France would expand and consolidate its eastern frontiers when Lorraine and Bar devolved to Louis XV through his wife Maria upon Stanisław’s death in 1766. The former Polish king was very popular, and his reign, centering around his glittering court at Lunéville (which was dubbed “Little Versailles”), is considered a period of prosperity and cultural achievement in Lorraine. Charles Emmanuel III was outraged at what he perceived as Fleury’s undervaluation of his contribution as an ally by conceding him a paltry strip of western Lombardy. His outrage was a factor in his decision to shift his support from France to Austria during the War of the Austrian Succession. France’s adherence to the Pragmatic Sanction is considered a foundation stone of what was later termed the “Diplomatic Revolution” with Austria, whereby the former arch-enemies were to forge an alliance of mutual interests that would endure until the French Revolution.
Bibliography
Bernier, Olivier. Louis the Beloved: The Life of Louis XV. Garden City, N.Y.: Doubleday, 1984. Louis as portrayed the largely passive beneficiary of Fleury’s efforts during the Vienna negotiations.
Hayes, Carlton J. H. Modern Europe to 1870. New York: Macmillan, 1967. Solid, succinct general history that nonetheless very effectively places the provisions of the 1738 Treaty of Vienna within the broader context.
Imbruglia, Girolamo, ed.
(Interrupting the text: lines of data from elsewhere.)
lemma forget_rep_append:
  assumes "u \<in> Bnj n m" "v \<in> Bnj n m"
  shows "forget_rep n q \<rho> (u @ v) = forget_rep n q \<rho> u * forget_rep n q \<rho> v"
proof -
  let ?h = "first_strands n"
  have "\<rho> (light_word ?h (u @ v)) = \<rho> (light_word ?h u) * \<rho> (light_word ?h v)"
    using rho light_word_first_strands_bwords assms
    by (simp add: is_rep_def light_word_append first_strands_bperm)
  moreover have "\<rho> (light_word ?h u) \<in> carrier_mat d d" "\<rho> (light_word ?h v) \<in> carrier_mat d d"
    using rho light_word_first_strands_bwords assms by (auto simp: is_rep_def)
  ultimately show ?thesis
    using assms q
    by (simp add: forget_rep_def mixed_crossings_append first_strands_bperm power_int_add smult_mult_smult_mat)
qed

lemma forget_rep_is_rep: "is_rep (Bnj n m) (n + m) d (forget_rep n q \<rho>)"
proof -
  have carrier: "forget_rep n q \<rho> w \<in> carrier_mat d d" if "w \<in> Bnj n m" for w
    using rho light_word_first_strands_bwords[OF that] by (simp add: is_rep_def forget_rep_def)
  have "forget_rep n q \<rho> [] = 1\<^sub>m d"
    using rho by (simp add: is_rep_def forget_rep_def one_smult_mat[OF one_carrier_mat])
  moreover have "forget_rep n q \<rho> u = forget_rep n q \<rho> v"
    if "u \<in> Bnj n m" "v \<in> Bnj n m" "beq (n + m) u v" for u v
  proof -
    have "beq m (light_word (first_strands n) u) (light_word (first_strands n) v) \<and>
          mixed_crossings (first_strands n) u = mixed_crossings (first_strands n) v"
      using beq_light_word[OF that(3), of "first_strands n" m] that(1)
      by (simp add: Bnj_def light_rank_first_strands)
    with rho light_word_first_strands_bwords[OF that(1)] light_word_first_strands_bwords[OF that(2)]
    show ?thesis by (simp add: is_rep_def forget_rep_def)
  qed
  ultimately show ?thesis
    using carrier forget_rep_append by (simp add: is_rep_def)
qed

lemma forget_rep_rho_prime_props:
  assumes "1 \<le> n"
  shows "rho_prime_props n m d q \<rho> (forget_rep n q \<rho>)"
proof -
  have unit: "\<rho> [] = 1\<^sub>m d"
    using rho by (simp add: is_rep_def)
  have "forget_rep n q \<rho> [(n, True), (n, True)] = q \<cdot>\<^sub>m 1\<^sub>m d"
    using assms q by (simp add: forget_rep_def first_strands_def unit power2_eq_square[symmetric])
  moreover have "forget_rep n q \<rho> [(i, True)] = 1\<^sub>m d" if "i \<in> {1..<n}" for i
    using that by (auto simp: forget_rep_def first_strands_def unit one_smult_mat[OF one_carrier_mat])
  moreover have "forget_rep n q \<rho> [(n + i, True)] = \<rho> [(i, True)]" if "i \<in> {1..<m}" for i
    using that rho
    by (auto simp: forget_rep_def first_strands_def light_rank_first_strands one_smult_mat is_rep_def)
  ultimately show ?thesis
    using forget_rep_is_rep by (simp add: rho_prime_props_def)
qed
lemma cube_poly_role_Suc_ascends:
  assumes "1 \<le> n" "\<not> xi_descends n"
  shows "cube_poly_role (Suc n) Absent = cube_poly_role n Absent"
    and "cube_poly_role (Suc n) Fixed = cube_poly n"
    and "cube_poly_role (Suc n) Free = fps_X * cube_poly_role n Absent"
proof -
  have "{r. roles_compatible n r Absent} = {Absent}" "{r. roles_compatible n r Fixed} = UNIV"
    "{r. roles_compatible n r Free} = {Absent}"
    using assms by (auto simp: roles_compatible_def)
  then show "cube_poly_role (Suc n) Absent = cube_poly_role n Absent"
    and "cube_poly_role (Suc n) Fixed = cube_poly n"
    and "cube_poly_role (Suc n) Free = fps_X * cube_poly_role n Absent"
    by (simp_all add: cube_poly_role_Suc cube_poly_eq_sum_role)
qed

lemma cube_poly_Suc_Suc:
  assumes "2 \<le> n"
  shows "cube_poly (Suc (Suc n)) = cube_poly (Suc n) + (1 + fps_X) * cube_poly n"
proof (cases "xi_descends n")
  case True
  with assms have "\<not> xi_descends (Suc n)"
    using xi_descends_alternates by blast
  with True assms show ?thesis
    using cube_poly_role_Suc_descends[of n] cube_poly_role_Suc_ascends[of "Suc n"]
    by (simp add: cube_poly_by_roles algebra_simps)
next
  case False
  with assms have "xi_descends (Suc n)"
    using xi_descends_alternates by blast
  with False assms show ?thesis
    using cube_poly_role_Suc_ascends[of n] cube_poly_role_Suc_descends[of "Suc n"]
    by (simp add: cube_poly_by_roles algebra_simps)
qed

lemma cube_poly_initial:
  "cube_poly 0 = 1" "cube_poly 1 = 2 + fps_X" "cube_poly 2 = 3 + 2 * fps_X" "cube_poly 3 = 4 + 3 * fps_X"
proof -
  have "xi_descends 1" "xi_descends 2"
    by (simp_all add: xi_descends_def)
  have role1: "cube_poly_role (Suc 0) r = (if r = Free then fps_X else 1)" for r
    using cube_poly_role_Suc[of 0 r] by (simp add: roles_compatible_def UNIV_role cube_poly_role_0)
  show "cube_poly 0 = 1"
    by (simp add: cube_poly_by_roles cube_poly_role_0)
  show c1: "cube_poly 1 = 2 + fps_X"
    by (simp add: cube_poly_by_roles role1)
  have role2: "cube_poly_role 2 Absent = 2 + fps_X" "cube_poly_role 2 Fixed = 1"
    "cube_poly_role 2 Free = fps_X"
    using cube_poly_role_Suc_descends[of 1] \<open>xi_descends 1\<close> c1 role1
    by (simp_all add: numeral_2_eq_2)
  then show c2: "cube_poly 2 = 3 + 2 * fps_X"
    by (simp add: cube_poly_by_roles)
  show "cube_poly 3 = 4 + 3 * fps_X"
    using cube_poly_role_Suc_descends[of 2] \<open>xi_descends 2\<close> c2 role2
    by (simp add: numeral_3_eq_3 cube_poly_by_roles)
qed

lemma of_nat_q_eq_cube_poly_nth: "of_nat (q n k) = cube_poly n $ k"
proof -
  have "cube_poly n $ k = (\<Sum>p\<in>cube_pairs n. if card (snd p) = k then 1 else 0)"
    unfolding cube_poly_def fps_sum_nth by (intro sum.cong refl) simp
  also have "\<dots> = of_nat (card {p \<in> cube_pairs n. card (snd p) = k})"
    by (simp add: finite_cube_pairs sum.inter_filter[symmetric])
  also have "{p \<in> cube_pairs n. card (snd p) = k} = {(L, D). cube_pair n L D \<and> card D = k}"
    by (auto simp: cube_pairs_def)
  finally show ?thesis
    by (simp add: q_eq_card_cube_pairs)
qed

section \<open>Generating functions\<close>

text \<open>The initial values 2, 1 are those for which the recurrence of cube_poly, valid from n = 2 on,
  holds for all n.\<close>
fun lucas_poly :: "nat \<Rightarrow> rat fps" where
  "lucas_poly 0 = 2"
| "lucas_poly (Suc 0) = 1"
| "lucas_poly (Suc (Suc n)) = lucas_poly (Suc n) + (1 + fps_X) * lucas_poly n"

lemma lucas_poly_2_3: "lucas_poly 2 = 3 + 2 * fps_X" "lucas_poly 3 = 4 + 3 * fps_X"
  by (simp_all add: numeral_2_eq_2 numeral_3_eq_3 algebra_simps)

lemma cube_poly_eq_lucas_poly: "2 \<le> n \<Longrightarrow> cube_poly n = lucas_poly n"
proof (induction n rule: less_induct)
  case (less n)
  consider "n = 2" | "n = 3" | m where "n = Suc (Suc m)" "2 \<le> m"
    using less.prems by (metis add_2_eq_Suc le_Suc_eq le_add_diff_inverse numeral_2_eq_2 numeral_3_eq_3)
  then show ?case
  proof cases
    case 1
    then show ?thesis
      by (simp add: cube_poly_initial lucas_poly_2_3)
  next
    case 2
    then show ?thesis
      by (simp add: cube_poly_initial lucas_poly_2_3)
  next
    case (3 m)
    then show ?thesis
      using less.IH[of m] less.IH[of "Suc m"] by (simp add: cube_poly_Suc_Suc)
  qed
qed

lemma of_nat_q_eq_lucas_poly_nth:
  assumes "1 \<le> k"
  shows "of_nat (q n k) = lucas_poly n $ k + (if n = 1 \<and> k = 1 then 1 else 0)"
proof -
  consider "n = 0" | "n = 1" | "2 \<le> n" by linarith
  then show ?thesis
  proof cases
    case 1
    with assms show ?thesis
      using cube_poly_initial(1) by (simp add: of_nat_q_eq_cube_poly_nth fps_numeral_nth)
  next
    case 2
    with assms show ?thesis
      using cube_poly_initial(2) by (simp add: of_nat_q_eq_cube_poly_nth fps_X_nth fps_numeral_nth)
  next
    case 3
    then show ?thesis
      by (simp add: of_nat_q_eq_cube_poly_nth cube_poly_eq_lucas_poly)
  qed
qed

lemma fib_denominator_mult_nth:
  fixes f :: "'a::comm_ring_1 fps"
  shows "((1 - fps_X - fps_X ^ 2) * f) $ 0 = f $ 0"
    and "((1 - fps_X - fps_X ^ 2) * f) $ Suc 0 = f $ Suc 0 - f $ 0"
    and "((1 - fps_X - fps_X ^ 2) * f) $ Suc (Suc n) = f $ Suc (Suc n) - f $ Suc n - f $ n"
proof -
  have "(1 - fps_X - fps_X ^ 2) * f = f - fps_X * f - fps_X ^ 2 * f"
    by (simp add: algebra_simps)
  then show "((1 - fps_X - fps_X ^ 2) * f) $ 0 = f $ 0"
    and "((1 - fps_X - fps_X ^ 2) * f) $ Suc 0 = f $ Suc 0 - f $ 0"
    and "((1 - fps_X - fps_X ^ 2) * f) $ Suc (Suc n) = f $ Suc (Suc n) - f $ Suc n - f $ n"
    by (simp_all add: fps_X_power_mult_nth)
qed

lemma one_plus_X_mult_nth:
  fixes p :: "'a::comm_ring_1 fps"
  shows "((1 + fps_X) * p) $ 0 = p $ 0" "((1 + fps_X) * p) $ Suc k = p $ Suc k + p $ k"
  by (simp_all add: distrib_right)

definition lucas_coeff_fps :: "nat \<Rightarrow> rat fps" where
  "lucas_coeff_fps k = Abs_fps (\<lambda>n. lucas_poly n $ k)"

lemma lucas_coeff_fps_0: "(1 - fps_X - fps_X ^ 2) * lucas_coeff_fps 0 = 2 - fps_X"
proof (rule fps_ext)
  fix n
  show "((1 - fps_X - fps_X ^ 2) * lucas_coeff_fps 0) $ n = (2 - fps_X) $ n"
    by (cases n rule: lucas_poly.cases)
      (simp_all add: fib_denominator_mult_nth lucas_coeff_fps_def one_plus_X_mult_nth fps_numeral_nth)
qed

lemma lucas_coeff_fps_Suc: "(1 - fps_X - fps_X ^ 2) * lucas_coeff_fps (Suc k) = fps_X ^ 2 * lucas_coeff_fps k"
proof (rule fps_ext)
  fix n
  show "((1 - fps_X - fps_X ^ 2) * lucas_coeff_fps (Suc k)) $ n = (fps_X ^ 2 * lucas_coeff_fps k) $ n"
    by (cases n rule: lucas_poly.cases)
      (simp_all add: fib_denominator_mult_nth lucas_coeff_fps_def one_plus_X_mult_nth fps_numeral_nth
        fps_X_power_mult_nth)
qed

lemma lucas_coeff_fps_closed_form:
  "(1 - fps_X - fps_X ^ 2) ^ (k + 1) * lucas_coeff_fps k = (2 - fps_X) * fps_X ^ (2 * k)"
proof (induction k)
  case 0
  then show ?case by (simp add: lucas_coeff_fps_0)
next
  case (Suc k)
  have "(1 - fps_X - fps_X ^ 2) ^ (Suc k + 1) * lucas_coeff_fps (Suc k) =
      (1 - fps_X - fps_X ^ 2) ^ (k + 1) * ((1 - fps_X - fps_X ^ 2) * lucas_coeff_fps (Suc k))"
    by (simp only: add_Suc power_Suc mult_ac)
  also have "\<dots> = fps_X ^ 2 * ((1 - fps_X - fps_X ^ 2) ^ (k + 1) * lucas_coeff_fps k)"
    unfolding lucas_coeff_fps_Suc by (simp only: mult_ac)
  also have "\<dots> = fps_X ^ 2 * ((2 - fps_X) * fps_X ^ (2 * k))"
    by (simp only: Suc.IH)
  also have "\<dots> = (2 - fps_X) * fps_X ^ (2 * Suc k)"
    by (simp add: power_add[symmetric] mult.left_commute)
  finally show ?case .
qed

theorem mainTheorem12:
  fixes k :: nat
  assumes "k \<ge> 1"
  shows "Abs_fps (\<lambda>n. of_nat (q n k) :: rat) =
         (2 - fps_X) * fps_X ^ (2 * k) / (1 - fps_X - fps_X ^ 2) ^ (k + 1)
         + (if k = 1 then fps_X else 0)"
proof -
  have "Abs_fps (\<lambda>n. of_nat (q n k) :: rat) = lucas_coeff_fps k + (if k = 1 then fps_X else 0)"
    using assms by (intro fps_ext) (auto simp: of_nat_q_eq_lucas_poly_nth lucas_coeff_fps_def fps_X_nth)
  moreover have "lucas_coeff_fps k = (2 - fps_X) * fps_X ^ (2 * k) / (1 - fps_X - fps_X ^ 2) ^ (k + 1)"
  proof (subst unit_eq_div2)
    show "is_unit ((1 - fps_X - fps_X ^ 2) ^ (k + 1) :: rat fps)"
      by (simp add: fps_nth_power_0)
    show "lucas_coeff_fps k * (1 - fps_X - fps_X ^ 2) ^ (k + 1) = (2 - fps_X) * fps_X ^ (2 * k)"
      using lucas_coeff_fps_closed_form[of k] by (simp only: mult.commute)
  qed
  ultimately show ?thesis
    by simp
qed

end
Naples in the Eighteenth Century: The Birth and Death of a Nation-State. Cambridge, England: Cambridge University Press, 2000. Deals in part with the transition from Habsburg to Bourbon rule brought about by the Treaty of Vienna.
Kamen, Henry. Philip V of Spain: The Man Who Reigned Twice. New Haven, Conn.: Yale University Press, 2001. Concise account of the interaction between the comparatively passive Philip and his bellicose queen. Brings to light their burning resentment against France for allowing the loss of Parma to Austria.
Lynch, John. Bourbon Spain, 1700-1808. New York: Basil Blackwell, 1989. Good general period analysis that disappoints in that there are no details regarding the effects of the Treaty of Vienna.
Reddaway, W. F., et al. The Cambridge History of Poland, 1697-1935. New York: Octagon Books, 1978. Classic study (in the chapters written by William Konopcynski) presenting the Vienna agreement as a watershed event on the road to Poland’s destruction in the late eighteenth century.
Wilson, Arthur McCandless. French Foreign Policy During the Administration of Cardinal Fleury, 1726-1743: A Study in Diplomacy and Commercial Development. Westport, Conn.: Greenwood Press, 1972. A thorough analysis of the motivations and maneuverings of the most one of the most skilled diplomatic practitioners of the era.